▶ **Your assignment**: Your result should be the lines holding the word "longleftrightarrow", copied from the entries below.

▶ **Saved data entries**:
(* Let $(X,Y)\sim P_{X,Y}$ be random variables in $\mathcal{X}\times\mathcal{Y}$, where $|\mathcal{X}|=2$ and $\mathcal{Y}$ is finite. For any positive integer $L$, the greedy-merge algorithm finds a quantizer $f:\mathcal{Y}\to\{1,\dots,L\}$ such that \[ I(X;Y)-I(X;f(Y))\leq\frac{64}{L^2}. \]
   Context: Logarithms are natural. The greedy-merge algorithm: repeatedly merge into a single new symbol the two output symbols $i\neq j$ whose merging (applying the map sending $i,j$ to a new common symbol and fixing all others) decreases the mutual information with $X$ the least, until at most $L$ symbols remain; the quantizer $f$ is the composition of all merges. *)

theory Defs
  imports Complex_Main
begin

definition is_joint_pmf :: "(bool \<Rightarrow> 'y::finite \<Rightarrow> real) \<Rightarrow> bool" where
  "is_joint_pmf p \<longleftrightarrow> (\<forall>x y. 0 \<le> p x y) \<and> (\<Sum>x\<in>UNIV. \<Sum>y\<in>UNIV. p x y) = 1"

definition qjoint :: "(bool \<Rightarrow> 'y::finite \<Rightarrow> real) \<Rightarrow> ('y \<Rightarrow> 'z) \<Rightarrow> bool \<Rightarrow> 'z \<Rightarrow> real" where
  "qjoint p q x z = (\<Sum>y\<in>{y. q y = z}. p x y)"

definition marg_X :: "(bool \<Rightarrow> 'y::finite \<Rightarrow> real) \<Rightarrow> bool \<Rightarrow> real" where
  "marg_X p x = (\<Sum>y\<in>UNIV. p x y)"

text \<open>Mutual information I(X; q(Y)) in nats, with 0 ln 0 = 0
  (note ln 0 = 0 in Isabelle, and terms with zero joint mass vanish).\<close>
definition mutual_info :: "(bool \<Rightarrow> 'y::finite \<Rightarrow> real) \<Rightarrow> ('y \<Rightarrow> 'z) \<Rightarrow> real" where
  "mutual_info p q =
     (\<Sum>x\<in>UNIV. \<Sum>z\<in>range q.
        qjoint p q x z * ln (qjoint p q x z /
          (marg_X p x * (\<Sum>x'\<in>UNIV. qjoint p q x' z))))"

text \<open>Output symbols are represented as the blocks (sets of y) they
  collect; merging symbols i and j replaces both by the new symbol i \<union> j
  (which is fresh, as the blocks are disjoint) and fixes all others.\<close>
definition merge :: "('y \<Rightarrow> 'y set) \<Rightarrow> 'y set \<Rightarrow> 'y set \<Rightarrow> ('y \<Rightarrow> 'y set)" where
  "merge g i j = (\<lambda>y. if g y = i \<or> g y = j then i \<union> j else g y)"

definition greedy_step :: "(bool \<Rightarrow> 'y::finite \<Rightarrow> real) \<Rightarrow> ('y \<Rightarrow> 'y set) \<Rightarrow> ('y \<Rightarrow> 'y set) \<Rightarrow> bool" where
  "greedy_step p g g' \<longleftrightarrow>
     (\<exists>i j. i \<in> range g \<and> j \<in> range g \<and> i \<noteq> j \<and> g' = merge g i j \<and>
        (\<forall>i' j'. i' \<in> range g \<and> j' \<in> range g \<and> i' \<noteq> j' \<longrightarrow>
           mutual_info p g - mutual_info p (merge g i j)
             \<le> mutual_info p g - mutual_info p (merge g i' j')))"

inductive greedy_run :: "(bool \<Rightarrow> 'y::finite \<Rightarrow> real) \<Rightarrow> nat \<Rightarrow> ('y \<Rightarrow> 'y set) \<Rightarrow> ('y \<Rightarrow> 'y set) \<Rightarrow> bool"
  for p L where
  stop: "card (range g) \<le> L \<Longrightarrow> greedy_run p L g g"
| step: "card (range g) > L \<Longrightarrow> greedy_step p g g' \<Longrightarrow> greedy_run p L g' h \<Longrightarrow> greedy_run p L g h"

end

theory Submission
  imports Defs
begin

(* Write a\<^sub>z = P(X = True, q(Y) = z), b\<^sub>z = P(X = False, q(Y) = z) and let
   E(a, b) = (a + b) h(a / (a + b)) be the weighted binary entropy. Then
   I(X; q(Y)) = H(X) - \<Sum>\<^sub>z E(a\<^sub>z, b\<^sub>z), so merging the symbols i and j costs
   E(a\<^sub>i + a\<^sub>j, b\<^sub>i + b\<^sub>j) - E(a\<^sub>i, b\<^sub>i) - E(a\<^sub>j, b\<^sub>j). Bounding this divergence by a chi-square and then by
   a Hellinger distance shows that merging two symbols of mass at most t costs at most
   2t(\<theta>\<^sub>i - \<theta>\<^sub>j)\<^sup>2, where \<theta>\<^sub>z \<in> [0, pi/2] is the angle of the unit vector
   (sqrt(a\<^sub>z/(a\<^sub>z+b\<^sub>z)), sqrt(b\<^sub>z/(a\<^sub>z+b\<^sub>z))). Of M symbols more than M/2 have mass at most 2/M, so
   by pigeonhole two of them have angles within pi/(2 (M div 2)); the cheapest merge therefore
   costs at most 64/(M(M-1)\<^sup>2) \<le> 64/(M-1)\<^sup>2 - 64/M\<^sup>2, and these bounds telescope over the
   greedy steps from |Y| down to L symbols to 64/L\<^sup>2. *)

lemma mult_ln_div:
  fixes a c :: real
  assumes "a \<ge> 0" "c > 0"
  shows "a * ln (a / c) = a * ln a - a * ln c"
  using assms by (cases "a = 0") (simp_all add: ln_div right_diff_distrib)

▶ **Result for this task**:
  "is_joint_pmf p \<longleftrightarrow> (\<forall>x y. 0 \<le> p x y) \<and> (\<Sum>x\<in>UNIV. \<Sum>y\<in>UNIV. p x y) = 1"
  "greedy_step p g g' \<longleftrightarrow>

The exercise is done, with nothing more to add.